Applause extras (over 30!)
Earlier in the evening many of the protagonists in this production also suffered the fate of having to stand on the stage in the white underwear of the costume designer Uta Heiseke under the lighting of Ulrich Niepel. Sometimes you might even get the impression that Stefan Herheim wants to compete with the latest creations of Palmer, or is it – especially in view of the sexual acts shown – an erotic obsession?! In addition, there is an apparent infatuation with the antiquated stage design stylistic device of flowing white cloths, which sometimes serve as projection screens and repeatedly disappear into the grand piano or emerge from it, and smaller versions of which are also often sniffed at. There are some exceptional moments, although even these still have the piano in the center of the stage with the protagonists pretending to play it mindlessly, but otherwise the evening bustles along with these kinds of activities set against the dreary and all-encompassing suitcase environment. These are certainly among the pieces of luggage that you would not miss or want to see again if they were to get lost!
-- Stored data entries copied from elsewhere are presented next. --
(* Let $t\ge1$, $k\ge t+1$, $v\ge 2$. If an OA$(t+1,k+1,v)$ exists, then a simple COA$_\lambda(t,k+t-1,v)$ exists for every positive integer $\lambda\le v$.
   Context: An OA$_\lambda(t,k,v)$ is a $\lambda v^t\times k$ array over a $v$-set $V$ such that every $t$ columns contain every $t$-tuple exactly $\lambda$ times; OA$(t,k,v)$ means $\lambda=1$. A COA$_\lambda(t,k,v)$ is a $\lambda v^t\times k$ array over $V$ in which every set of $t$ consecutive columns contains every $t$-tuple exactly $\lambda$ times. It is simple if for any two distinct sets of $t$ consecutive columns sharing exactly $i$ columns ($0\le i\le t-1$), the subarray on the $2t-i$ columns of their union contains each $(2t-i)$-tuple at most once. *)

theory Defs
  imports Main "HOL-Library.FuncSet"
begin

definition array_on :: "'a set \<Rightarrow> nat \<Rightarrow> nat \<Rightarrow> 'a list list \<Rightarrow> bool" where
  "array_on V N k A \<longleftrightarrow> length A = N \<and> (\<forall>r\<in>set A. length r = k \<and> set r \<subseteq> V)"

definition tuple_count :: "'a list list \<Rightarrow> nat set \<Rightarrow> (nat \<Rightarrow> 'a) \<Rightarrow> nat" where
  "tuple_count A C f = length (filter (\<lambda>r. \<forall>c\<in>C. r ! c = f c) A)"

definition is_OA :: "nat \<Rightarrow> nat \<Rightarrow> nat \<Rightarrow> 'a set \<Rightarrow> 'a list list \<Rightarrow> bool" where
  "is_OA lam t k V A \<longleftrightarrow> finite V \<and> array_on V (lam * card V ^ t) k A \<and>
     (\<forall>C. C \<subseteq> {..<k} \<and> card C = t \<longrightarrow> (\<forall>f \<in> C \<rightarrow>\<^sub>E V. tuple_count A C f = lam))"

definition window :: "nat \<Rightarrow> nat \<Rightarrow> nat set" where
  "window t i = {i..<i+t}"

definition is_COA :: "nat \<Rightarrow> nat \<Rightarrow> nat \<Rightarrow> 'a set \<Rightarrow> 'a list list \<Rightarrow> bool" where
  "is_COA lam t k V A \<longleftrightarrow> finite V \<and> array_on V (lam * card V ^ t) k A \<and>
     (\<forall>i. i + t \<le> k \<longrightarrow> (\<forall>f \<in> window t i \<rightarrow>\<^sub>E V. tuple_count A (window t i) f = lam))"

definition is_simple_COA :: "nat \<Rightarrow> nat \<Rightarrow> nat \<Rightarrow> 'a set \<Rightarrow> 'a list list \<Rightarrow> bool" where
  "is_simple_COA lam t k V A \<longleftrightarrow> is_COA lam t k V A \<and>
     (\<forall>i j. i + t \<le> k \<and> j + t \<le> k \<and> window t i \<noteq> window t j \<and>
            card (window t i \<inter> window t j) \<le> t - 1 \<longrightarrow>
        (\<forall>f \<in> (window t i \<union> window t j) \<rightarrow>\<^sub>E V.
            tuple_count A (window t i \<union> window t j) f \<le> 1))"

end

theory Submission
  imports Defs
begin

text \<open>Keep the rows of the OA\<open>(t+1,k+1,v)\<close> whose last entry lies in a set \<open>L\<close> of \<open>\<lambda>\<close>
  symbols, drop the last column and append copies of the first \<open>t-1\<close> columns, so that new
  column \<open>c\<close> is old column \<open>c mod k\<close>. The \<open>t\<close> columns of a window are \<open>t\<close> distinct old
  columns; with the last old column they carry every \<open>(t+1)\<close>-tuple exactly once, so each
  \<open>t\<close>-tuple occurs once for each value in \<open>L\<close>. Two distinct windows together cover at least
  \<open>t+1\<close> distinct old columns, on which the OA has index one, whence simplicity.\<close>

lemma length_filter_eq_sum_fibres:
  assumes "finite S" "\<forall>x\<in>set xs. P x \<longrightarrow> g x \<in> S"
  shows "length (filter P xs) = (\<Sum>s\<in>S. length (filter (\<lambda>x. g x = s \<and> P x) xs))"
  using assms(2)
proof (induction xs)
  case (Cons x xs)
  have "(\<Sum>s\<in>S. length (filter (\<lambda>y. g y = s \<and> P y) (x # xs))) =
        (\<Sum>s\<in>S. (if g x = s \<and> P x then 1 else 0) + length (filter (\<lambda>y. g y = s \<and> P y) xs))"
    by (intro sum.cong) auto
  moreover have "(\<Sum>s\<in>S. if g x = s \<and> P x then 1 else 0) = (if P x then 1 else (0::nat))"
    using Cons.prems assms(1) by (simp add: sum.delta)
  ultimately show ?case
    using Cons by (simp add: sum.distrib)
qed simp

lemma length_eq_sum_tuple_count:
  assumes "finite D" "finite V" "\<forall>r\<in>set A. \<forall>c\<in>D. r ! c \<in> V"
  shows "length A = (\<Sum>f\<in>D \<rightarrow>\<^sub>E V. tuple_count A D f)"
proof -
  have "length A = (\<Sum>f\<in>D \<rightarrow>\<^sub>E V. length (filter (\<lambda>r. restrict ((!) r) D = f) A))"
    using length_filter_eq_sum_fibres[of "D \<rightarrow>\<^sub>E V" A "\<lambda>_. True" "\<lambda>r. restrict ((!) r) D"] assms
    by (auto simp: finite_PiE)
  also have "\<dots> = (\<Sum>f\<in>D \<rightarrow>\<^sub>E V. tuple_count A D f)"
    unfolding tuple_count_def
    by (intro sum.cong refl arg_cong[where f=length] filter_cong) (auto simp: fun_eq_iff PiE_def extensional_def)
  finally show ?thesis .
qed

lemma eq_if_mod_eq_nat:
  fixes a b k :: nat
  assumes "a mod k = b mod k" "a \<le> b" "b < a + k"
  shows "a = b"
proof (rule ccontr)
  assume "a \<noteq> b"
  then have "0 < b - a" "b - a < k" using assms(2,3) by auto
  moreover have "k dvd b - a" by (metis assms(1,2) mod_eq_dvd_iff_nat)
  ultimately show False by (meson nat_dvd_not_less)
qed

lemma inj_on_mod_window:
  fixes k t :: nat
  assumes "t \<le> k"
  shows "inj_on (\<lambda>c. c mod k) (window t i)"
proof (rule inj_onI)
  fix a b assume ab: "a \<in> window t i" "b \<in> window t i" and eq: "a mod k = b mod k"
  show "a = b"
  proof (cases "a \<le> b")
    case True
    then show ?thesis using eq_if_mod_eq_nat[OF eq] ab assms by (simp add: window_def)
  next
    case False
    then show ?thesis using eq_if_mod_eq_nat[OF eq[symmetric]] ab assms by (simp add: window_def)
  qed
qed

lemma window_union_contains_mod_injective_subset:
  fixes i j k t :: nat
  assumes "0 < t" "i < j" "j < k" "t < k"
  obtains S where "S \<subseteq> window t i \<union> window t j" "card S = t + 1" "inj_on (\<lambda>c. c mod k) S"
proof (cases "i + t \<le> j")
  case True
  let ?S = "insert j (window t i)"
  have "?S \<subseteq> window t i \<union> window t j"
    using assms(1) by (auto simp: window_def)
  moreover have "inj_on (\<lambda>c. c mod k) ?S"
    using True assms by (intro inj_onI) (auto simp: window_def)
  moreover have "card ?S = t + 1"
    using True by (simp add: window_def)
  ultimately show ?thesis
    using that by blast
next
  case False
  let ?S = "window (t + 1) (j - 1)"
  have "?S \<subseteq> window t i \<union> window t j"
    using False assms by (auto simp: window_def)
  moreover have "inj_on (\<lambda>c. c mod k) ?S"
    using assms(4) by (intro inj_on_mod_window) simp
  moreover have "card ?S = t + 1"
    by (simp add: window_def)
  ultimately show ?thesis
    using that by blast
qed

lemma OA_filter_le_one:
  assumes OA: "is_OA 1 t n V A" and T: "T \<subseteq> {..<n}" "card T = t"
    and agree: "\<And>r1 r2. r1 \<in> set A \<Longrightarrow> r2 \<in> set A \<Longrightarrow> Q r1 \<Longrightarrow> Q r2 \<Longrightarrow> \<forall>x\<in>T. r1 ! x = r2 ! x"
  shows "length (filter Q A) \<le> 1"
proof (cases "\<exists>r0\<in>set A. Q r0")
  case True
  then obtain r0 where r0: "r0 \<in> set A" "Q r0" by blast
  let ?g = "restrict ((!) r0) T"
  have "length r0 = n" "set r0 \<subseteq> V"
    using OA r0 unfolding is_OA_def array_on_def by auto
  then have "?g \<in> T \<rightarrow>\<^sub>E V"
    using T nth_mem by fastforce
  then have "tuple_count A T ?g = 1"
    using OA T unfolding is_OA_def by auto
  moreover have "filter Q A = filter Q (filter (\<lambda>r. \<forall>x\<in>T. r ! x = ?g x) A)"
    unfolding filter_filter using agree[OF _ r0(1) _ r0(2)] by (auto intro!: filter_cong)
  ultimately show ?thesis
    unfolding tuple_count_def by (metis length_filter_le)
qed (simp add: filter_empty_conv)

lemma OA_count_eq_one_insert_image:
  assumes OA: "is_OA 1 (t + 1) n V A"
    and W: "finite W" "card W = t" "inj_on h W" "h ` W \<subseteq> {..<n}"
    and m: "m < n" "m \<notin> h ` W"
    and f: "f \<in> W \<rightarrow>\<^sub>E V" and s: "s \<in> V"
  shows "length (filter (\<lambda>r. r ! m = s \<and> (\<forall>c\<in>W. r ! h c = f c)) A) = 1"
proof -
  define T where "T = insert m (h ` W)"
  define g where "g = restrict (\<lambda>x. if x = m then s else f (inv_into W h x)) T"
  have "card T = t + 1"
    using W m card_image[OF W(3)] by (simp add: T_def)
  moreover have "T \<subseteq> {..<n}"
    using W m by (simp add: T_def)
  moreover have "g \<in> T \<rightarrow>\<^sub>E V"
    using f s m by (auto simp: g_def T_def inv_into_into)
  ultimately have "tuple_count A T g = 1"
    using OA unfolding is_OA_def by blast
  moreover have "(\<forall>x\<in>T. r ! x = g x) \<longleftrightarrow> r ! m = s \<and> (\<forall>c\<in>W. r ! h c = f c)" for r
    using m W by (auto simp: T_def g_def)
  ultimately show ?thesis
    unfolding tuple_count_def by simp
qed

definition cyclic_COA :: "nat \<Rightarrow> nat \<Rightarrow> 'a set \<Rightarrow> 'a list list \<Rightarrow> 'a list list" where
  "cyclic_COA t k L A =
     map (\<lambda>r. map (\<lambda>c. r ! (c mod k)) [0..<k + t - 1]) (filter (\<lambda>r. r ! k \<in> L) A)"

lemma tuple_count_cyclic_COA:
  assumes "C \<subseteq> {..<k + t - 1}"
  shows "tuple_count (cyclic_COA t k L A) C f =
         length (filter (\<lambda>r. r ! k \<in> L \<and> (\<forall>c\<in>C. r ! (c mod k) = f c)) A)"
proof -
  have row_nth: "map (\<lambda>c. r ! (c mod k)) [0..<k + t - 1] ! c = r ! (c mod k)" if "c \<in> C" for r c
    using assms that by auto
  have "(\<forall>c\<in>C. map (\<lambda>c. r ! (c mod k)) [0..<k + t - 1] ! c = f c) \<longleftrightarrow>
             (\<forall>c\<in>C. r ! (c mod k) = f c)" for r
    by (intro ball_cong[OF refl]) (simp only: row_nth)
  then show ?thesis
    unfolding cyclic_COA_def tuple_count_def filter_map length_map filter_filter o_def by simp
qed

lemma cyclic_COA_rows:
  assumes "is_OA 1 (t + 1) (k + 1) V A" "0 < k"
  shows "\<forall>r\<in>set (cyclic_COA t k L A). length r = k + t - 1 \<and> set r \<subseteq> V"
proof
  fix r assume "r \<in> set (cyclic_COA t k L A)"
  then obtain a where a: "a \<in> set A" "r = map (\<lambda>c. a ! (c mod k)) [0..<k + t - 1]"
    unfolding cyclic_COA_def by auto
  have "length a = k + 1" "set a \<subseteq> V"
    using assms(1) a(1) unfolding is_OA_def array_on_def by auto
  then have "a ! (c mod k) \<in> V" for c
    using assms(2) nth_mem[of "c mod k" a] by (simp add: less_SucI subset_iff)
  then show "length r = k + t - 1 \<and> set r \<subseteq> V"
    using a(2) by auto
qed

lemma cyclic_COA_window_count:
  assumes OA: "is_OA 1 (t + 1) (k + 1) V A"
    and "0 < k" "t \<le> k" "L \<subseteq> V" "i + t \<le> k + t - 1" and f: "f \<in> window t i \<rightarrow>\<^sub>E V"
  shows "tuple_count (cyclic_COA t k L A) (window t i) f = card L"
proof -
  let ?Q = "\<lambda>r. \<forall>c\<in>window t i. r ! (c mod k) = f c"
  have "finite L"
    using OA assms(4) finite_subset unfolding is_OA_def by blast
  have "tuple_count (cyclic_COA t k L A) (window t i) f = length (filter (\<lambda>r. r ! k \<in> L \<and> ?Q r) A)"
    using assms(5) by (intro tuple_count_cyclic_COA) (auto simp: window_def)
  also have "\<dots> = (\<Sum>s\<in>L. length (filter (\<lambda>r. r ! k = s \<and> r ! k \<in> L \<and> ?Q r) A))"
    using \<open>finite L\<close> by (rule length_filter_eq_sum_fibres) auto
  also have "\<dots> = (\<Sum>s\<in>L. length (filter (\<lambda>r. r ! k = s \<and> ?Q r) A))"
    by (intro sum.cong refl arg_cong[where f=length] filter_cong) auto
  also have "\<dots> = (\<Sum>s\<in>L. 1)"
  proof (intro sum.cong refl OA_count_eq_one_insert_image[OF OA])
    show "inj_on (\<lambda>c. c mod k) (window t i)"
      using assms(3) by (rule inj_on_mod_window)
    have "c mod k < k" for c
      using assms(2) by simp
    then show "(\<lambda>c. c mod k) ` window t i \<subseteq> {..<k + 1}" "k \<notin> (\<lambda>c. c mod k) ` window t i"
      by (auto intro: less_SucI) (metis less_irrefl)
  qed (use f assms(4) in \<open>auto simp: window_def\<close>)
  finally show ?thesis
    by simp
qed

lemma cyclic_COA_union_count_le_one:
  assumes OA: "is_OA 1 (t + 1) (k + 1) V A"
    and "0 < t" "t < k" "i < j" "j + t \<le> k + t - 1"
  shows "tuple_count (cyclic_COA t k L A) (window t i \<union> window t j) f \<le> 1"
proof -
  let ?U = "window t i \<union> window t j"
  let ?Q = "\<lambda>r. \<forall>c\<in>?U. r ! (c mod k) = f c"
  have "j < k"
    using assms(2,5) by linarith
  then obtain S where S: "S \<subseteq> ?U" "card S = t + 1" "inj_on (\<lambda>c. c mod k) S"
    using window_union_contains_mod_injective_subset[of t i j k] assms by auto
  have "tuple_count (cyclic_COA t k L A) ?U f = length (filter (\<lambda>r. r ! k \<in> L \<and> ?Q r) A)"
    using assms by (intro tuple_count_cyclic_COA) (auto simp: window_def)
  also have "\<dots> = length (filter (\<lambda>r. r ! k \<in> L) (filter ?Q A))"
    by (simp add: filter_filter conj_commute)
  also have "\<dots> \<le> length (filter ?Q A)"
    by (rule length_filter_le)
  also have "\<dots> \<le> 1"
  proof (rule OA_filter_le_one[OF OA])
    show "(\<lambda>c. c mod k) ` S \<subseteq> {..<k + 1}"
      using \<open>j < k\<close> by (auto intro: less_SucI)
    show "card ((\<lambda>c. c mod k) ` S) = t + 1"
      using S by (simp add: card_image)
    show "\<forall>x\<in>(\<lambda>c. c mod k) ` S. r1 ! x = r2 ! x" if "?Q r1" "?Q r2" for r1 r2
      using that S(1) by fastforce
  qed
  finally show ?thesis .
qed

lemma is_simple_COA_cyclic_COA:
  assumes OA: "is_OA 1 (t + 1) (k + 1) V A" and "0 < t" "t < k" "L \<subseteq> V"
  shows "is_simple_COA (card L) t (k + t - 1) V (cyclic_COA t k L A)"
proof -
  let ?B = "cyclic_COA t k L A"
  have V: "finite V"
    using OA unfolding is_OA_def by blast
  have rows: "\<forall>r\<in>set ?B. length r = k + t - 1 \<and> set r \<subseteq> V"
    using OA assms(3) by (intro cyclic_COA_rows) auto
  have windows: "\<forall>f\<in>window t i \<rightarrow>\<^sub>E V. tuple_count ?B (window t i) f = card L"
    if "i + t \<le> k + t - 1" for i
    using cyclic_COA_window_count[OF OA] assms that by auto
  have "\<forall>r\<in>set ?B. \<forall>c\<in>window t 0. r ! c \<in> V"
  proof (intro ballI)
    fix r c assume r: "r \<in> set ?B" and c: "c \<in> window t 0"
    have "c < length r"
      using rows r c assms(3) by (auto simp: window_def)
    then show "r ! c \<in> V"
      using rows r nth_mem by blast
  qed
  then have "length ?B = (\<Sum>f\<in>window t 0 \<rightarrow>\<^sub>E V. tuple_count ?B (window t 0) f)"
    using V by (intro length_eq_sum_tuple_count) (auto simp: window_def)
  also have "\<dots> = card L * card V ^ t"
    using windows[of 0] assms(3) by (simp add: card_PiE window_def)
  finally have "length ?B = card L * card V ^ t" .
  moreover have "tuple_count ?B (window t i \<union> window t j) f \<le> 1"
    if "i + t \<le> k + t - 1" "j + t \<le> k + t - 1" "window t i \<noteq> window t j" for i j f
    using that cyclic_COA_union_count_le_one[OF OA, of i j] cyclic_COA_union_count_le_one[OF OA, of j i]
      assms(2,3) by (cases i j rule: linorder_cases) (auto simp: Un_commute)
  ultimately show ?thesis
    unfolding is_simple_COA_def is_COA_def array_on_def using V rows windows by blast
qed

theorem mainTheorem6:
  fixes t k v :: nat
  assumes "t \<ge> 1" and "k \<ge> t + 1" and "v \<ge> 2"
    and "\<exists>A. is_OA 1 (t + 1) (k + 1) {..<v} A"
  shows "\<forall>lam. 0 < lam \<and> lam \<le> v \<longrightarrow>
           (\<exists>B. is_simple_COA lam t (k + t - 1) {..<v} B)"
proof (intro allI impI)
  fix lam :: nat
  assume "0 < lam \<and> lam \<le> v"
  moreover obtain A where "is_OA 1 (t + 1) (k + 1) {..<v} A"
    using assms(4) by blast
  ultimately have "is_simple_COA (card {..<lam}) t (k + t - 1) {..<v} (cyclic_COA t k {..<lam} A)"
    using assms(1,2) by (intro is_simple_COA_cyclic_COA) auto
  then show "\<exists>B. is_simple_COA lam t (k + t - 1) {..<v} B"
    by auto
qed

end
Fortunately, the singing ranged from good to very good. The US-American Clay Hilley was making his debut as Siegfried in Berlin and displayed a strong heroic tenor voice, even if he could, in my opinion at least, have showed a little more character and expressiveness. But he mastered the great challenges of this giant role without any problems. Nina Stemme sang her usual good Brünnhilde in the last act, impressive again with her full and melodious middle register, stretching to the limit of vocal possibilities in the top notes. I can’t comment here on how comfortable she felt in this production! After his Wotan in “Walküre”, Iain Paterson is now also singing The Wanderer, which seems to suit him even better because of his poetic expression. With his rather bright bass-baritone he effortlessly creates impressive high points in his interpretation. Jordan Shanahan is an unusually strong and concise Alberich who is required to come onto the stage at the most impossible moments, or in some cases is already on it before the action even starts. The 32-year-old Taiwanese tenor Ya-Chung Huang plays and sings an extremely impressive Mime, who is dressed as Richard Wagner himself, which is presumably a gag. Tobias Kehrer sings and dies powerfully as Fafner, and at the end he also lies down in his underwear on the prompt box. Judit Kutasi, following her performance in “Das Rheingold”, remains a strong Erda here in “Siegfried” with a powerful mezzo – and an impossible costume similar to what my grandmother used to wear in front of the TV. But at least she was spared the white underwear! Sebastian Scherer, soloist in the boys' choir of the Chorakademie Dortmund e.V., sings a treble Woodbird whilst performing a variety of stage actions. The sound was not to my taste, but the audience liked it.
The production team will not be required to appear in front of the audience until the day after tomorrow at the end of “Götterdämmerung”. I am curious to see what the reaction will be.